▸ PROBLEM DETAILS: Restate word for word the entries below, starting with the line with "obtain k where" and continuing through the line with "text \<open>The condition". Include both of those lines and no others.
-------------------------
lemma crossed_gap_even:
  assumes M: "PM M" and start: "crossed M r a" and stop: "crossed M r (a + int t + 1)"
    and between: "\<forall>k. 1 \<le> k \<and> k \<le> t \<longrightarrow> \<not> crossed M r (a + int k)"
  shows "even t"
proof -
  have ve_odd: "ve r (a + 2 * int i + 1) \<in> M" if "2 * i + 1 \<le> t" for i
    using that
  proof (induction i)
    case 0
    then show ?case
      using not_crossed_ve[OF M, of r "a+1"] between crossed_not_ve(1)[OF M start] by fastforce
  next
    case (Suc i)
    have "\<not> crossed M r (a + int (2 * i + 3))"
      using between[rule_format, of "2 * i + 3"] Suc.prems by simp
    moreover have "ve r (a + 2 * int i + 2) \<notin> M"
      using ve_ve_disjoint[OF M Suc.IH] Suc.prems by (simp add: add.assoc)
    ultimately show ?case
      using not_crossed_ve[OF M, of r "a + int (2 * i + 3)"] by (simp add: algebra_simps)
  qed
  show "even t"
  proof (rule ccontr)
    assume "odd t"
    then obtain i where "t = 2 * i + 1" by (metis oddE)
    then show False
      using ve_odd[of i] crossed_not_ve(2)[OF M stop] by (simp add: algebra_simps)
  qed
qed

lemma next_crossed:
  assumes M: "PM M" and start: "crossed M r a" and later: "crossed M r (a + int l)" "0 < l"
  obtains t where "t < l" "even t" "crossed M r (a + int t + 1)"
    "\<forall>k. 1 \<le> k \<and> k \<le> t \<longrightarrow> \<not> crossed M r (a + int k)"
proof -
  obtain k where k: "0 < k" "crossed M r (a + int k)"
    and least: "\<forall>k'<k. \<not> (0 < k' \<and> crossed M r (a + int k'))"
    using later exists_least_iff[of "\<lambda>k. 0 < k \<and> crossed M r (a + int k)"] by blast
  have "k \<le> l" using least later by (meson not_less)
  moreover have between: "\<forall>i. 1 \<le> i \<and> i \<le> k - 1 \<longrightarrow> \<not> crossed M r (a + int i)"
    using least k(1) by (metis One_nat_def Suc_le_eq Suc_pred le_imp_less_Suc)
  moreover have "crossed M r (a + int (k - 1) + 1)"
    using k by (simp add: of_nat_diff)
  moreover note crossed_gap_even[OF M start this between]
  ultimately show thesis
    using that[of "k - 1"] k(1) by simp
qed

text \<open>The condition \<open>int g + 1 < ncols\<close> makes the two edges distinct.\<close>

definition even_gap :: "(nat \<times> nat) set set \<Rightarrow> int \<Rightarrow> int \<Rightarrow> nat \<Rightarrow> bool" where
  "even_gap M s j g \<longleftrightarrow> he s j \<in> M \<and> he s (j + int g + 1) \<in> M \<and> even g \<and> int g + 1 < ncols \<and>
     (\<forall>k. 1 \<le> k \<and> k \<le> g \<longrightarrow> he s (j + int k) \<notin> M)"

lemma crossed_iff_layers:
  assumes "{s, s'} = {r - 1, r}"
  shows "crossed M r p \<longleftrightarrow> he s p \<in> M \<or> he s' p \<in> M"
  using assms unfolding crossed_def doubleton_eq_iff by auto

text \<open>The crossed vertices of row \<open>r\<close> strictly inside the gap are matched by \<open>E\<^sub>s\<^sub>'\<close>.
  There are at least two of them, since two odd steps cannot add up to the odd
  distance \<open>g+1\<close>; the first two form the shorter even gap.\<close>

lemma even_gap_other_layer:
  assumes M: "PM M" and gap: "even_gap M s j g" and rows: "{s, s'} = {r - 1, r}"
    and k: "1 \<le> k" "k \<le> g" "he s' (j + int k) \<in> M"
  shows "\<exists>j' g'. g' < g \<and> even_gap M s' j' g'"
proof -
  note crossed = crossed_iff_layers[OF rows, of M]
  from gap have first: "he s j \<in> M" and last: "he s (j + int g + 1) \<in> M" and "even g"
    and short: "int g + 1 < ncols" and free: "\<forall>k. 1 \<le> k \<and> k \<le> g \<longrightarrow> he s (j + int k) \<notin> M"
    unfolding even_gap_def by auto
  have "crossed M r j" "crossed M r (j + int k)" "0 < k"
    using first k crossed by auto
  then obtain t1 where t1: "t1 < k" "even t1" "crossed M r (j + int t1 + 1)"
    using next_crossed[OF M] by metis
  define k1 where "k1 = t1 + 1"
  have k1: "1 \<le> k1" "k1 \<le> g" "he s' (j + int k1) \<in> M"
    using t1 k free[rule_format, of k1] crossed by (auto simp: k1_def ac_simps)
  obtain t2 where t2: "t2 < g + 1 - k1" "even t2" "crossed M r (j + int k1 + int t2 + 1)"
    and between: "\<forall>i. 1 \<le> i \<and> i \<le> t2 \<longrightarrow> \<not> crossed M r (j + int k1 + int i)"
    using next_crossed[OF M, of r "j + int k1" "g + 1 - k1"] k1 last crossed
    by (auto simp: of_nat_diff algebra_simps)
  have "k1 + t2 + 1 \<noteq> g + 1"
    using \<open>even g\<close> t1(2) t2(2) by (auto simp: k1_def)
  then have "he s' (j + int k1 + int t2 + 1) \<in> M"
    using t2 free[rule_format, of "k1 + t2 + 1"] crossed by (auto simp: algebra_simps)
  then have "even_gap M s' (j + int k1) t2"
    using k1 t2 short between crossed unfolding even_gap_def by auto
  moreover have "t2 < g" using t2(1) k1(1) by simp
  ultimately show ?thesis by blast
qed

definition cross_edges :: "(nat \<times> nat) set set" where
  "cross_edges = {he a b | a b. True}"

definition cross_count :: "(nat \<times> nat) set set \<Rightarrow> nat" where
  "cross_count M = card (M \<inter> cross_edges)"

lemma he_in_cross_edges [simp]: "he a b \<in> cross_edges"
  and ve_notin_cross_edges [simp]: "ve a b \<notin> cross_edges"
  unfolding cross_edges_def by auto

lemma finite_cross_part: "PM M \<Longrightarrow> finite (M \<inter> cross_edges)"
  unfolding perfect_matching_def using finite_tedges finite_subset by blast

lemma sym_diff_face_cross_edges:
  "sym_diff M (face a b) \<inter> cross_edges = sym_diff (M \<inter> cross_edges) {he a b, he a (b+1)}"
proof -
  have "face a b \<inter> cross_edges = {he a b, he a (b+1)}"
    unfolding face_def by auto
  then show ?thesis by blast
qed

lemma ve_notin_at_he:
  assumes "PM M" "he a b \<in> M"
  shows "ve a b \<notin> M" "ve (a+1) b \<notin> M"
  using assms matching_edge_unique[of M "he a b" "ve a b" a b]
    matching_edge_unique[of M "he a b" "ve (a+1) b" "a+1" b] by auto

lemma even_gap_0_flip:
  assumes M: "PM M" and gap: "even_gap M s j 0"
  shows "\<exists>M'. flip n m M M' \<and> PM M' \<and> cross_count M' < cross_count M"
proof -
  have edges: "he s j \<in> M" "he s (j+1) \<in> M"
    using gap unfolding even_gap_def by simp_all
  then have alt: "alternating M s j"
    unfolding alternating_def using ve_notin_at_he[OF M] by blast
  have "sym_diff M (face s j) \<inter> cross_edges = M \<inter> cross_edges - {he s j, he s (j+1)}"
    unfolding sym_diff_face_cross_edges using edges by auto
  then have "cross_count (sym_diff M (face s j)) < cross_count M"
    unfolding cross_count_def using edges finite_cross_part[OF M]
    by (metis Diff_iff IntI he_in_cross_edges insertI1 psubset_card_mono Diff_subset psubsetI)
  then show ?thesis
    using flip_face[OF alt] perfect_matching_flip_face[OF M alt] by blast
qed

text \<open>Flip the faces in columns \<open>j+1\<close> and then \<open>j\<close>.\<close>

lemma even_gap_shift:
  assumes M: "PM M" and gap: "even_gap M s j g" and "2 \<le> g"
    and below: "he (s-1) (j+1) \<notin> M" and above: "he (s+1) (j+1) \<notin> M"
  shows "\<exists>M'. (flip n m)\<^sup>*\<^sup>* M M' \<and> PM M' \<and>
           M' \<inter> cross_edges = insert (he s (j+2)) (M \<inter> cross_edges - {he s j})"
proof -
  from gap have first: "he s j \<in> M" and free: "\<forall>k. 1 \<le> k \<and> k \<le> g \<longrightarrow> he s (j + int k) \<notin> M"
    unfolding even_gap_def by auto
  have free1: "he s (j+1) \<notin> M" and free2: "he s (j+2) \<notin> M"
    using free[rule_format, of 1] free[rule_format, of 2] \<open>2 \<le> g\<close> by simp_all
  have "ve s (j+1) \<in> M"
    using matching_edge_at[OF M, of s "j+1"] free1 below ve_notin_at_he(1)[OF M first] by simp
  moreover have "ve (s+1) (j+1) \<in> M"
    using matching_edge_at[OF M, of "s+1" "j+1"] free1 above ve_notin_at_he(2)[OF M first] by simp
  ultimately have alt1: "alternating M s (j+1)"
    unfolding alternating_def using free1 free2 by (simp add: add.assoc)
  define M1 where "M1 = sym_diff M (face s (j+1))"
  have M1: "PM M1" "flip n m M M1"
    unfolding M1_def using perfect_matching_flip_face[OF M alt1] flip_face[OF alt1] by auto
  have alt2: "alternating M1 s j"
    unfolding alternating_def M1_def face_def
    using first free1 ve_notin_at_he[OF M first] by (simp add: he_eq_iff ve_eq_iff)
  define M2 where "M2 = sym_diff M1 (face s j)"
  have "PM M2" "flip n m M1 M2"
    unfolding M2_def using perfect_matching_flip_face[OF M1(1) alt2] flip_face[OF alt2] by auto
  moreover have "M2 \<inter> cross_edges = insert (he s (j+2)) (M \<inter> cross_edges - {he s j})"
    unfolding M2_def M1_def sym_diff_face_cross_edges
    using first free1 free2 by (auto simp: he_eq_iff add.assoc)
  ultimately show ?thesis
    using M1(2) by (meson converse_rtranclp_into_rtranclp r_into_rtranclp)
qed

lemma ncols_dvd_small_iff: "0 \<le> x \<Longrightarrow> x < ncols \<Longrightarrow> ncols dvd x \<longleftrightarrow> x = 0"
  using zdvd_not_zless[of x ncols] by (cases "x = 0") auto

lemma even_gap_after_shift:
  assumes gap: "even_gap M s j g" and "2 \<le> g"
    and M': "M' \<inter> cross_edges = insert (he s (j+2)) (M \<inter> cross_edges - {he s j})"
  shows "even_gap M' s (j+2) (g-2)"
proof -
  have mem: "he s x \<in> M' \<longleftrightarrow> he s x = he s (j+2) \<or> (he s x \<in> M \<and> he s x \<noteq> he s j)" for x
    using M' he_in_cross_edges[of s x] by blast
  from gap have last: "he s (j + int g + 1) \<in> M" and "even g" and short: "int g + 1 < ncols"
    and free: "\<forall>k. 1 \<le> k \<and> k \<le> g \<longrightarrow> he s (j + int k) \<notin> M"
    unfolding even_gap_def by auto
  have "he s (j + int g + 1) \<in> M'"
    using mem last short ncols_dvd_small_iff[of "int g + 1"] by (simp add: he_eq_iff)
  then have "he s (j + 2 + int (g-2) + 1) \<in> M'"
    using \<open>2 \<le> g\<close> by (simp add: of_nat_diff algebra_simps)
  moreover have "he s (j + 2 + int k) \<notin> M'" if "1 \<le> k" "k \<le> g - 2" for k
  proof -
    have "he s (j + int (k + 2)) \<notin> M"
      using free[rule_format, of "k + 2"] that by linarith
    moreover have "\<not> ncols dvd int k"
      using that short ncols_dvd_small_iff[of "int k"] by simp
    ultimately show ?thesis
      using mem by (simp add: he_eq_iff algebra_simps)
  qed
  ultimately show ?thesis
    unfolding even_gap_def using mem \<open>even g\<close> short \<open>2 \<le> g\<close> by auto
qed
-------------------------
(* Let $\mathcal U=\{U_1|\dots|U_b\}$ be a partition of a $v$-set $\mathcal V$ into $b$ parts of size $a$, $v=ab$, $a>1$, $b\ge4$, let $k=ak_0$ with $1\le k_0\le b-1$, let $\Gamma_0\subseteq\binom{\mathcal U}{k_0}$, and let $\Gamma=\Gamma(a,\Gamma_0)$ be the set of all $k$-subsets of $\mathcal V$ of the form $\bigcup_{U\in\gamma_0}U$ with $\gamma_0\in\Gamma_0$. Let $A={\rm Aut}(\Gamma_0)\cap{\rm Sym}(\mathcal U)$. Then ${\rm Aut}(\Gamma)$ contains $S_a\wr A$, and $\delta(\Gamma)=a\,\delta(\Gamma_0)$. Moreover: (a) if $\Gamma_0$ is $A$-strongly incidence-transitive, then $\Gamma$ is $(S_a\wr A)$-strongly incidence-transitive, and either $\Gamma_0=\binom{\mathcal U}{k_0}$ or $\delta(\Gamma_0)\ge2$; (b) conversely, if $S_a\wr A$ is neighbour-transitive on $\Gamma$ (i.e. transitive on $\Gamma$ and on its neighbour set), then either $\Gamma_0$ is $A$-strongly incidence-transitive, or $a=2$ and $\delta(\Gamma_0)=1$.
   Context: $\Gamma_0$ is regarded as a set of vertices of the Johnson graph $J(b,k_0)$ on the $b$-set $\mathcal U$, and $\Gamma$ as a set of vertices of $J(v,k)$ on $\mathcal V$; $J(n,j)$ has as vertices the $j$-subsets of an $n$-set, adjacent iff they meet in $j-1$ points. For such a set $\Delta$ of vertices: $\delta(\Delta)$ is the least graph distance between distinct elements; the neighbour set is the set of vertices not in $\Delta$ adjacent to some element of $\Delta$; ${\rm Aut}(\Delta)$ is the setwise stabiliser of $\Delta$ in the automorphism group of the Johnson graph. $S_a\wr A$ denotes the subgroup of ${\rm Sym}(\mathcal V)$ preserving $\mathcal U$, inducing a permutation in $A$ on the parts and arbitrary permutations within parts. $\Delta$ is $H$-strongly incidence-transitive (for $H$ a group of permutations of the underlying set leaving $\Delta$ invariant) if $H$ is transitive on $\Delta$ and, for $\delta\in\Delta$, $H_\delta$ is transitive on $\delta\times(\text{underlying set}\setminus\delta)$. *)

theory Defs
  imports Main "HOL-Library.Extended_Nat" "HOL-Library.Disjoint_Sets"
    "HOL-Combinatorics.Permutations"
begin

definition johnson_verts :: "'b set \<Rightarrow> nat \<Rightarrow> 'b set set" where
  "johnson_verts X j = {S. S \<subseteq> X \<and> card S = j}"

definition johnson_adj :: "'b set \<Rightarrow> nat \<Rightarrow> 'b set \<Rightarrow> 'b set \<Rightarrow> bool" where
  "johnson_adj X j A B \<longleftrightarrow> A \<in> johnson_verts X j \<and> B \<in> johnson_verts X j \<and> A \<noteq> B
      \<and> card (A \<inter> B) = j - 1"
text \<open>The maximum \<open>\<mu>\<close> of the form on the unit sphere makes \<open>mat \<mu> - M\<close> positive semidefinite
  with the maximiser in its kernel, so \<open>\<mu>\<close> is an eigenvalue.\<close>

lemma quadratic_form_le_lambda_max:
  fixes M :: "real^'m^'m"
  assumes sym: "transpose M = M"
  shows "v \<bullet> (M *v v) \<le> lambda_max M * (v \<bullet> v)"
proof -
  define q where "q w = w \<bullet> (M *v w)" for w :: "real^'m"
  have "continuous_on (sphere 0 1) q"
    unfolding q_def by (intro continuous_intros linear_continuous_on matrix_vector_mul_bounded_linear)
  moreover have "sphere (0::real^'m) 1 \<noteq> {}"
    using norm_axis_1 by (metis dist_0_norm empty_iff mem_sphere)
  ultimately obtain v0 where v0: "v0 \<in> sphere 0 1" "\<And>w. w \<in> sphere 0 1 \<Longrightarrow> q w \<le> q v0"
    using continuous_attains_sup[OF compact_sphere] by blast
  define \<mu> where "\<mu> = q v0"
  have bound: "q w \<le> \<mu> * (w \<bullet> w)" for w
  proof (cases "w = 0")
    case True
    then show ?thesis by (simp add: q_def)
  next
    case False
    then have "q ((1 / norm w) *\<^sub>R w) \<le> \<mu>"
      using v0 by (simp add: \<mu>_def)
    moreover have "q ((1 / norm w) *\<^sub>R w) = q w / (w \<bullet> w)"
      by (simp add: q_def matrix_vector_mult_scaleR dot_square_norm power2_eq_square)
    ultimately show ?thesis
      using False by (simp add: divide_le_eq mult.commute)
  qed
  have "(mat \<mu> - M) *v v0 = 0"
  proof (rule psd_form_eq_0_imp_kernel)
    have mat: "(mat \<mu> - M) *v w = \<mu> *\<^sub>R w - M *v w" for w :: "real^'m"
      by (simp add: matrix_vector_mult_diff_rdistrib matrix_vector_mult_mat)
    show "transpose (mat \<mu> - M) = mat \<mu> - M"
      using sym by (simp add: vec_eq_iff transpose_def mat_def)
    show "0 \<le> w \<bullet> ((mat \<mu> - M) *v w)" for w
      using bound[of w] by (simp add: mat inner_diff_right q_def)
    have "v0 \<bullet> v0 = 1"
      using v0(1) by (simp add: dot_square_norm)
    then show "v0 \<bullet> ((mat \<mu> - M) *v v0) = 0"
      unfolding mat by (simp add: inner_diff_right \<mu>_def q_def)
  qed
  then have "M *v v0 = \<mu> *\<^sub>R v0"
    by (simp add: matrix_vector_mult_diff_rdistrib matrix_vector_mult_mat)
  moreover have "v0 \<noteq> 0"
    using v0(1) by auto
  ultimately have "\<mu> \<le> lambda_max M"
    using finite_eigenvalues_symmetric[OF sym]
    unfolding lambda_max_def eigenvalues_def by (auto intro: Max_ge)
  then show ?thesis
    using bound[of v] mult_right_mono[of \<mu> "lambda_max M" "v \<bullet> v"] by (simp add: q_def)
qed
-------------------------
▸ EXPECTED OUTPUT:
  obtain k where k: "0 < k" "crossed M r (a + int k)"
    and least: "\<forall>k'<k. \<not> (0 < k' \<and> crossed M r (a + int k'))"
    using later exists_least_iff[of "\<lambda>k. 0 < k \<and> crossed M r (a + int k)"] by blast
  have "k \<le> l" using least later by (meson not_less)
  moreover have between: "\<forall>i. 1 \<le> i \<and> i \<le> k - 1 \<longrightarrow> \<not> crossed M r (a + int i)"
    using least k(1) by (metis One_nat_def Suc_le_eq Suc_pred le_imp_less_Suc)
  moreover have "crossed M r (a + int (k - 1) + 1)"
    using k by (simp add: of_nat_diff)
  moreover note crossed_gap_even[OF M start this between]
  ultimately show thesis
    using that[of "k - 1"] k(1) by simp
qed

text \<open>The condition \<open>int g + 1 < ncols\<close> makes the two edges distinct.\<close>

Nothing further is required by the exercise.